Their lives are explored in a new documentary, "The Loving Story," which premieres Tuesday on HBO.
Today, there are more than 4 million "mixed marriages" in the United States, and roughly one in seven new marriages are between people of different ethnicities. But in 1958, when the Lovings' marriage was ruled illegal and they were banished from their native Virginia, 21 states outlawed interracial unions.
"The Loving Story" details the couple's nine-year battle to live in Virginia as man and wife. Using evocative photographs, newly unearthed footage and interviews with the Lovings' daughter and lawyers, the film reveals the power of love to overcome bigotry.
"I came to respect Mildred and Richard so much," said the film's director and producer, Peggy Buirski. "I think these people had such high standards and strong principles and in many ways they defied stereotypes."
"You don't have to be an activist to change history," Buirski said. "You just have to believe strongly in something."
Richard and Mildred grew up near each other in rural Virginia. They courted for a few years before getting married in Washington, D.C., on June 2, 1958, then returned home to live near their families.

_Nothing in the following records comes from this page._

(* Let $G$ be a complete $t$-partite graph with $t\ge2$ parts, at least one of which has size greater than $1$. If $G$ is $\mathcal{C}$-$\mathrm{MH}$, then $t=2$.
   Context: Subgraphs are induced. A homomorphism maps edges to edges; a monomorphism is an injective homomorphism. A graph $G$ is $\mathcal{C}$-$\mathrm{MH}$ if every monomorphism from a finite connected induced subgraph of $G$ into $G$ extends to a homomorphism $G\to G$. *)

theory Defs
  imports Main
begin

text \<open>A graph is a vertex set V together with an adjacency relation E.
  Subgraphs are induced: the induced subgraph on S has vertex set S and edges E restricted to S.\<close>

definition graph_hom :: "'a set \<Rightarrow> ('a \<Rightarrow> 'a \<Rightarrow> bool) \<Rightarrow> 'b set \<Rightarrow> ('b \<Rightarrow> 'b \<Rightarrow> bool) \<Rightarrow> ('a \<Rightarrow> 'b) \<Rightarrow> bool" where
  "graph_hom V E W F f \<longleftrightarrow> f ` V \<subseteq> W \<and> (\<forall>x\<in>V. \<forall>y\<in>V. E x y \<longrightarrow> F (f x) (f y))"

definition graph_mono :: "'a set \<Rightarrow> ('a \<Rightarrow> 'a \<Rightarrow> bool) \<Rightarrow> 'b set \<Rightarrow> ('b \<Rightarrow> 'b \<Rightarrow> bool) \<Rightarrow> ('a \<Rightarrow> 'b) \<Rightarrow> bool" where
  "graph_mono V E W F f \<longleftrightarrow> graph_hom V E W F f \<and> inj_on f V"

definition connected_induced :: "('a \<Rightarrow> 'a \<Rightarrow> bool) \<Rightarrow> 'a set \<Rightarrow> bool" where
  "connected_induced E S \<longleftrightarrow> S \<noteq> {} \<and>
     (\<forall>x\<in>S. \<forall>y\<in>S. (\<lambda>u v. u \<in> S \<and> v \<in> S \<and> E u v)\<^sup>*\<^sup>* x y)"

definition C_MH :: "'a set \<Rightarrow> ('a \<Rightarrow> 'a \<Rightarrow> bool) \<Rightarrow> bool" where
  "C_MH V E \<longleftrightarrow> (\<forall>S f. S \<subseteq> V \<longrightarrow> finite S \<longrightarrow> connected_induced E S \<longrightarrow>
      graph_mono S E V E f \<longrightarrow> (\<exists>g. graph_hom V E V E g \<and> (\<forall>x\<in>S. g x = f x)))"

text \<open>(V,E) is the complete t-partite graph whose parts are the (nonempty) fibres of p over {0..<t}.\<close>
definition complete_multipartite :: "'a set \<Rightarrow> ('a \<Rightarrow> 'a \<Rightarrow> bool) \<Rightarrow> ('a \<Rightarrow> nat) \<Rightarrow> nat \<Rightarrow> bool" where
  "complete_multipartite V E p t \<longleftrightarrow> p ` V = {..<t} \<and>
     (\<forall>x y. E x y \<longleftrightarrow> x \<in> V \<and> y \<in> V \<and> p x \<noteq> p y)"

end

theory Submission
  imports Defs
begin

text \<open>An endomorphism g of a complete multipartite graph with finitely many parts induces an
  injective, hence bijective, map on the parts. So the part of g v is the image of some part,
  and that part must be the one of v: any other part contains a vertex adjacent to v whose
  image would then lie in the same part as g v, yet be adjacent to it. Consequently g maps
  each part into a single part. In a complete t-partite graph with t \<ge> 3 and a part holding
  two vertices x, y, pick z in a second part and w in a third one: the map fixing x, z and
  sending y to w is a monomorphism of the path x z y, but no endomorphism extends it.\<close>

lemma complete_multipartite_section:
  assumes "complete_multipartite V E p t" and "u \<in> V"
  obtains r where "\<And>i. i < t \<Longrightarrow> r i \<in> V \<and> p (r i) = i" and "r (p u) = u"
proof
  have parts: "p ` V = {..<t}"
    using assms(1) unfolding complete_multipartite_def by simp
  define r where "r i = (if i = p u then u else SOME w. w \<in> V \<and> p w = i)" for i
  show "r i \<in> V \<and> p (r i) = i" if "i < t" for i
  proof (cases "i = p u")
    case False
    have "\<exists>w. w \<in> V \<and> p w = i" using that parts by (metis imageE lessThan_iff)
    from someI_ex[OF this] show ?thesis using False by (simp add: r_def)
  qed (use assms(2) r_def in simp)
  show "r (p u) = u" by (simp add: r_def)
qed

lemma complete_multipartite_hom_same_part:
  assumes cm: "complete_multipartite V E p t"
    and g: "graph_hom V E V E g"
    and u: "u \<in> V" and v: "v \<in> V" and uv: "p u = p v"
  shows "p (g u) = p (g v)"
proof -
  have parts: "p ` V = {..<t}" and adj: "\<And>x y. E x y \<longleftrightarrow> x \<in> V \<and> y \<in> V \<and> p x \<noteq> p y"
    using cm unfolding complete_multipartite_def by auto
  have gV: "\<And>x. x \<in> V \<Longrightarrow> g x \<in> V"
    and gE: "\<And>x y. x \<in> V \<Longrightarrow> y \<in> V \<Longrightarrow> E x y \<Longrightarrow> E (g x) (g y)"
    using g unfolding graph_hom_def by auto
  obtain r where r: "\<And>i. i < t \<Longrightarrow> r i \<in> V \<and> p (r i) = i" and ru: "r (p u) = u"
    using complete_multipartite_section[OF cm u] by blast
  define h where "h i = p (g (r i))" for i
  have "inj_on h {..<t}"
  proof (rule inj_onI)
    fix i j assume i: "i \<in> {..<t}" and j: "j \<in> {..<t}" and hij: "h i = h j"
    show "i = j"
    proof (rule ccontr)
      assume "i \<noteq> j"
      then have "E (r i) (r j)" using r i j adj by auto
      then have "E (g (r i)) (g (r j))" using r i j gE by auto
      then show False using hij adj unfolding h_def by auto
    qed
  qed
  moreover have "h ` {..<t} \<subseteq> {..<t}" using r gV parts unfolding h_def by auto
  ultimately have h_onto: "h ` {..<t} = {..<t}" by (simp add: endo_inj_surj)
  have "p (g v) \<in> {..<t}" using gV v parts by auto
  then obtain i where i: "i < t" and hi: "h i = p (g v)" using h_onto by (metis imageE lessThan_iff)
  have "i = p u"
  proof (rule ccontr)
    assume "i \<noteq> p u"
    then have "E (g (r i)) (g v)" using r[OF i] v uv adj gE by auto
    then show False using hi adj unfolding h_def by auto
  qed
  then show ?thesis using hi ru unfolding h_def by simp
qed

lemma connected_induced_star:
  assumes "z \<in> S" and "\<And>q. q \<in> S \<Longrightarrow> q \<noteq> z \<Longrightarrow> E q z \<and> E z q"
  shows "connected_induced E S"
  unfolding connected_induced_def
proof (intro conjI ballI)
  let ?R = "\<lambda>u v. u \<in> S \<and> v \<in> S \<and> E u v"
  have to_centre: "?R\<^sup>*\<^sup>* q z" and from_centre: "?R\<^sup>*\<^sup>* z q" if "q \<in> S" for q
    using assms that by (cases "q = z"; auto)+
  show "?R\<^sup>*\<^sup>* u v" if "u \<in> S" "v \<in> S" for u v
    using rtranclp_trans[OF to_centre from_centre] that .
qed (use assms(1) in blast)

lemma ex_less_avoiding_two:
  fixes t a b :: nat
  assumes "2 < t"
  shows "\<exists>i<t. i \<noteq> a \<and> i \<noteq> b"
proof -
  have "\<exists>i\<in>{0, 1, 2::nat}. i \<noteq> a \<and> i \<noteq> b" by auto
  then obtain i where "i \<in> {0, 1, 2}" "i \<noteq> a" "i \<noteq> b" by blast
  moreover from assms \<open>i \<in> {0, 1, 2}\<close> have "i < t" by auto
  ultimately show ?thesis by blast
qed

theorem lemma7p2:
  fixes V :: "'a set" and E :: "'a \<Rightarrow> 'a \<Rightarrow> bool" and p :: "'a \<Rightarrow> nat" and t :: nat
  assumes "complete_multipartite V E p t"
    and "t \<ge> 2"
    and "\<exists>x\<in>V. \<exists>y\<in>V. x \<noteq> y \<and> p x = p y"
    and "C_MH V E"
  shows "t = 2"
proof (rule ccontr)
  assume "t \<noteq> 2"
  with assms(2) have "2 < t" by simp
  have parts: "p ` V = {..<t}" and adj: "\<And>x y. E x y \<longleftrightarrow> x \<in> V \<and> y \<in> V \<and> p x \<noteq> p y"
    using assms(1) unfolding complete_multipartite_def by auto
  then have part_nonempty: "\<exists>v\<in>V. p v = i" if "i < t" for i
    using that by (metis imageE lessThan_iff)
  obtain x y where x: "x \<in> V" and y: "y \<in> V" and xy: "x \<noteq> y" "p x = p y"
    using assms(3) by blast
  obtain z where z: "z \<in> V" "p z \<noteq> p x"
    using ex_less_avoiding_two[OF \<open>2 < t\<close>, of "p x" "p x"] part_nonempty by blast
  obtain w where w: "w \<in> V" "p w \<noteq> p x" "p w \<noteq> p z"
    using ex_less_avoiding_two[OF \<open>2 < t\<close>, of "p x" "p z"] part_nonempty by blast
  define S where "S = {x, z, y}"
  define f where "f v = (if v = y then w else v)" for v
  have "connected_induced E S"
    by (rule connected_induced_star[of z]) (use x y z xy adj in \<open>auto simp: S_def\<close>)
  moreover have "graph_mono S E V E f"
    using x y z w xy adj unfolding graph_mono_def graph_hom_def inj_on_def S_def f_def by auto
  moreover have "S \<subseteq> V" "finite S" using x y z by (auto simp: S_def)
  ultimately obtain g where g: "graph_hom V E V E g" and gf: "\<forall>v\<in>S. g v = f v"
    using assms(4) unfolding C_MH_def by blast
  have "g x = x" "g y = w" using gf xy by (auto simp: S_def f_def)
  with complete_multipartite_hom_same_part[OF assms(1) g x y xy(2)] w show False by simp
qed

end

On July 14, the sheriff broke into the Lovings' bedroom in the middle of the night and took them to jail. Judge Leon Bazile sentenced the Lovings to five years in prison, but suspended the sentence as long as they left the state. And Bazile made a statement that demonstrates the immense distance society has traveled since 1958, a statement that is narrated at the start of the film:
"Almighty God created the races: white, black, yellow, Malay and red, and he placed them on separate continents, and but for the interference with His arrangement there would be no cause for such marriages," Bazile said in court. "The fact that He separated the races shows that he did not intend for the races to mate."
But "The Loving Story" makes clear that Mildred and Richard Loving were meant for each other.